Would you copy out only the lines from the one with "proof (rule G2_memI)" to the end of the records, exactly as they stand?

Collected data
Content starts
lemma lin_part_eq_id_if_fixes_e2:
  assumes a: "a \<in> \<Gamma>" and a_e1: "lin_part a (1, 0) = (1, 0)"
    and a_nontrivial: "lin_part a \<noteq> id"
    and g: "g \<in> \<Gamma>" and g_e2: "lin_part g (0, 1) = (0, 1)"
  shows "lin_part g = id"
proof (rule ccontr)
  assume g_nontrivial: "lin_part g \<noteq> id"
  have A: "ma a = 1" "mc a = 0" and G: "mb g = 0" "md g = 1"
    using a_e1 g_e2 by (simp_all add: lin_part_fixes_e1_iff lin_part_fixes_e2_iff)
  have A': "mb a \<noteq> 0 \<or> md a \<noteq> 1" using a_nontrivial A by (auto simp: lin_part_eq_id_iff)
  have G': "ma g \<noteq> 1 \<or> mc g \<noteq> 0" using g_nontrivial G by (auto simp: lin_part_eq_id_iff)
  obtain x y where xy: "(x, y) \<noteq> (0, 0)" "lin_part (affmul a g) (x, y) = (x, y)"
    using lin_part_fixed_vector[OF affmul_closed[OF a g]] by auto
  then have e1: "(ma g + mb a * mc g) * x + mb a * y = x"
    and e2: "md a * mc g * x + md a * y = y"
    using A G by (simp_all add: lin_part_eq algebra_simps)
  show False
  proof (cases "md a = 1")
    case True
    then have "mc g = 0"
      using fixed_vector_of_product_unipotent[OF xy(1), of "mb a" "ma g" "mc g"] A' e1 e2 by simp
    then have "lin_part a (lin_part g (0, 1)) = lin_part g (lin_part a (0, 1))"
      using lin_part_commute_if_unit_second_row[OF a g] A G True by simp
    then have "(ma g - 1) * mb a = 0" using A G by (simp add: lin_part_eq algebra_simps)
    then show False using A' G' True \<open>mc g = 0\<close> by simp
  next
    case False
    define q where "q = mb a * inverse (md a - 1)"
    have "q * (md a - 1) = mb a" using False by (simp add: q_def mult.assoc)
    then have qd: "q * md a = mb a + q" by (simp add: algebra_simps diff_eq_eq)
    have "ma g = 1 + q * mc g"
      using fixed_vector_of_product[OF xy(1) False e1 e2] by (simp add: q_def)
    with G' have "mc g \<noteq> 0" by auto
    txt \<open>Both linear parts leave the form \<open>(x, y) \<mapsto> x - q y\<close> invariant, and
      \<open>k\<close> turns it into the second coordinate.\<close>
    define k where "k = AffM 0 1 1 (- q) 0 0"
    define k' where "k' = AffM q 1 1 0 0 0"
    have kk': "affmul k k' = affid" and k'k: "affmul k' k = affid"
      by (simp_all add: k_def k'_def affm_eq_iff)
    have "lin_part a (lin_part g (1, 0)) = lin_part g (lin_part a (1, 0))"
      using \<open>ma g = 1 + q * mc g\<close> A G qd
      by (intro lin_part_commute_if_conj_unit_second_row[OF a g kk' k'k])
        (simp_all add: k_def k'_def algebra_simps mult.assoc)
    then have "(md a - 1) * mc g = 0" using A G by (simp add: lin_part_eq algebra_simps)
    then show False using False \<open>mc g \<noteq> 0\<close> by simp
  qed
qed

lemma lin_part_fixes_e1_if_nontrivial_fixes_e1:
  assumes a: "a \<in> \<Gamma>" "lin_part a (1, 0) = (1, 0)" "lin_part a \<noteq> id" and g: "g \<in> \<Gamma>"
  shows "lin_part g (1, 0) = (1, 0)"
proof -
  obtain v1 v2 where v: "(v1, v2) \<noteq> (0, 0)" "lin_part g (v1, v2) = (v1, v2)"
    using lin_part_fixed_vector[OF g] by auto
  show ?thesis
  proof (cases "v2 = 0")
    case True
    then have "v1 \<noteq> 0" "(ma g - 1) * v1 = 0" "mc g * v1 = 0"
      using v by (simp_all add: lin_part_eq algebra_simps)
    then show ?thesis by (simp add: lin_part_fixes_e1_iff)
  next
    case False
    define p where "p = v1 * inverse v2"
    have "lin_part g (p, 1) = (p, 1)"
      using lin_part_mult_right[of g v1 "inverse v2" v2] v(2) False by (simp add: p_def)
    define t where "t = AffM 1 (- p) 0 1 0 0"
    define t' where "t' = AffM 1 p 0 1 0 0"
    have tt': "affmul t t' = affid" and t't: "affmul t' t = affid"
      by (simp_all add: t_def t'_def affm_eq_iff)
    have t_e1: "lin_part t (1, 0) = (1, 0)" and t_p: "lin_part t (p, 1) = (0, 1)"
      by (simp_all add: t_def lin_part_eq)
    interpret conj: free_affine_group "(\<lambda>g. affmul (affmul t g) t') ` \<Gamma>"
      using tt' t't by (rule conj_free_affine_group)
    have "lin_part (affmul (affmul t g) t') = id"
    proof (rule conj.lin_part_eq_id_if_fixes_e2[of "affmul (affmul t a) t'"])
      show "lin_part (affmul (affmul t a) t') (1, 0) = (1, 0)"
        using lin_part_conj_fixes_iff[OF t't, of a "(1, 0)"] a(2) by (simp add: t_e1)
      show "lin_part (affmul (affmul t g) t') (0, 1) = (0, 1)"
        using lin_part_conj_fixes_iff[OF t't, of g "(p, 1)"] \<open>lin_part g (p, 1) = (p, 1)\<close>
        by (simp add: t_p)
    qed (use a g lin_part_conj_eq_id_iff[OF tt' t't] in auto)
    then show ?thesis using lin_part_conj_eq_id_iff[OF tt' t't] by simp
  qed
qed

lemma lin_part_fixes_if_nontrivial_fixes:
  assumes a: "a \<in> \<Gamma>" "u \<noteq> (0, 0)" "lin_part a u = u" "lin_part a \<noteq> id" and g: "g \<in> \<Gamma>"
  shows "lin_part g u = u"
proof -
  obtain k k' where kk': "affmul k k' = affid" and k'k: "affmul k' k = affid"
    and ku: "lin_part k u = (1, 0)"
    using invertible_mapping_to_e1[OF a(2)] by blast
  interpret conj: free_affine_group "(\<lambda>g. affmul (affmul k g) k') ` \<Gamma>"
    using kk' k'k by (rule conj_free_affine_group)
  have "lin_part (affmul (affmul k g) k') (1, 0) = (1, 0)"
  proof (rule conj.lin_part_fixes_e1_if_nontrivial_fixes_e1[of "affmul (affmul k a) k'"])
    show "lin_part (affmul (affmul k a) k') (1, 0) = (1, 0)"
      using lin_part_conj_fixes_iff[OF k'k, of a u] a(3) by (simp add: ku)
  qed (use a g lin_part_conj_eq_id_iff[OF kk' k'k] in auto)
  then show ?thesis using lin_part_conj_fixes_iff[OF k'k, of g u] by (simp add: ku)
qed

lemma common_fixed_vector:
  obtains u where "u \<noteq> (0, 0)" "\<forall>g\<in>\<Gamma>. lin_part g u = u"
proof (cases "\<forall>g\<in>\<Gamma>. lin_part g = id")
  case True
  then show thesis by (intro that[of "(1, 0)"]) simp_all
next
  case False
  then obtain a where a: "a \<in> \<Gamma>" "lin_part a \<noteq> id" by blast
  obtain u where "u \<noteq> (0, 0)" "lin_part a u = u" using lin_part_fixed_vector[OF a(1)] by blast
  then show thesis using that a lin_part_fixes_if_nontrivial_fixes by blast
qed

end

theorem mainTheorem10:
  assumes "subgroup \<Gamma> Aff2H"
    and "acts_freely \<Gamma>"
  shows "\<exists>h\<in>carrier Aff2H. (\<lambda>g. h \<otimes>\<^bsub>Aff2H\<^esub> g \<otimes>\<^bsub>Aff2H\<^esub> inv\<^bsub>Aff2H\<^esub> h) ` \<Gamma> \<subseteq> G2"
proof -
  interpret free_affine_group \<Gamma> using assms by (rule free_affine_group.intro)
  obtain u where u: "u \<noteq> (0, 0)" "\<forall>g\<in>\<Gamma>. lin_part g u = u" by (rule common_fixed_vector)
  obtain k k' where kk': "affmul k k' = affid" and k'k: "affmul k' k = affid"
    and ku: "lin_part k u = (1, 0)"
    using invertible_mapping_to_e1[OF u(1)] by blast
  interpret conj: free_affine_group "(\<lambda>g. affmul (affmul k g) k') ` \<Gamma>"
    using kk' k'k by (rule conj_free_affine_group)
  have "affmul (affmul k g) k' \<in> G2" if "g \<in> \<Gamma>" for g
  proof (rule G2_memI)
    show "affmul (affmul k g) k' \<in> carrier Aff2H"
      using that by (intro conj.mem_carrier imageI)
    show "lin_part (affmul (affmul k g) k') (1, 0) = (1, 0)"
      using lin_part_conj_fixes_iff[OF k'k, of g u] u(2) that by (simp add: ku)
  qed
  then show ?thesis using Aff2H_inv_eq[OF kk' k'k] by auto
qed

end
Content ends
* Answer space
  proof (rule G2_memI)
    show "affmul (affmul k g) k' \<in> carrier Aff2H"
      using that by (intro conj.mem_carrier imageI)
    show "lin_part (affmul (affmul k g) k') (1, 0) = (1, 0)"
      using lin_part_conj_fixes_iff[OF k'k, of g u] u(2) that by (simp add: ku)
  qed
  then show ?thesis using Aff2H_inv_eq[OF kk' k'k] by auto
qed

end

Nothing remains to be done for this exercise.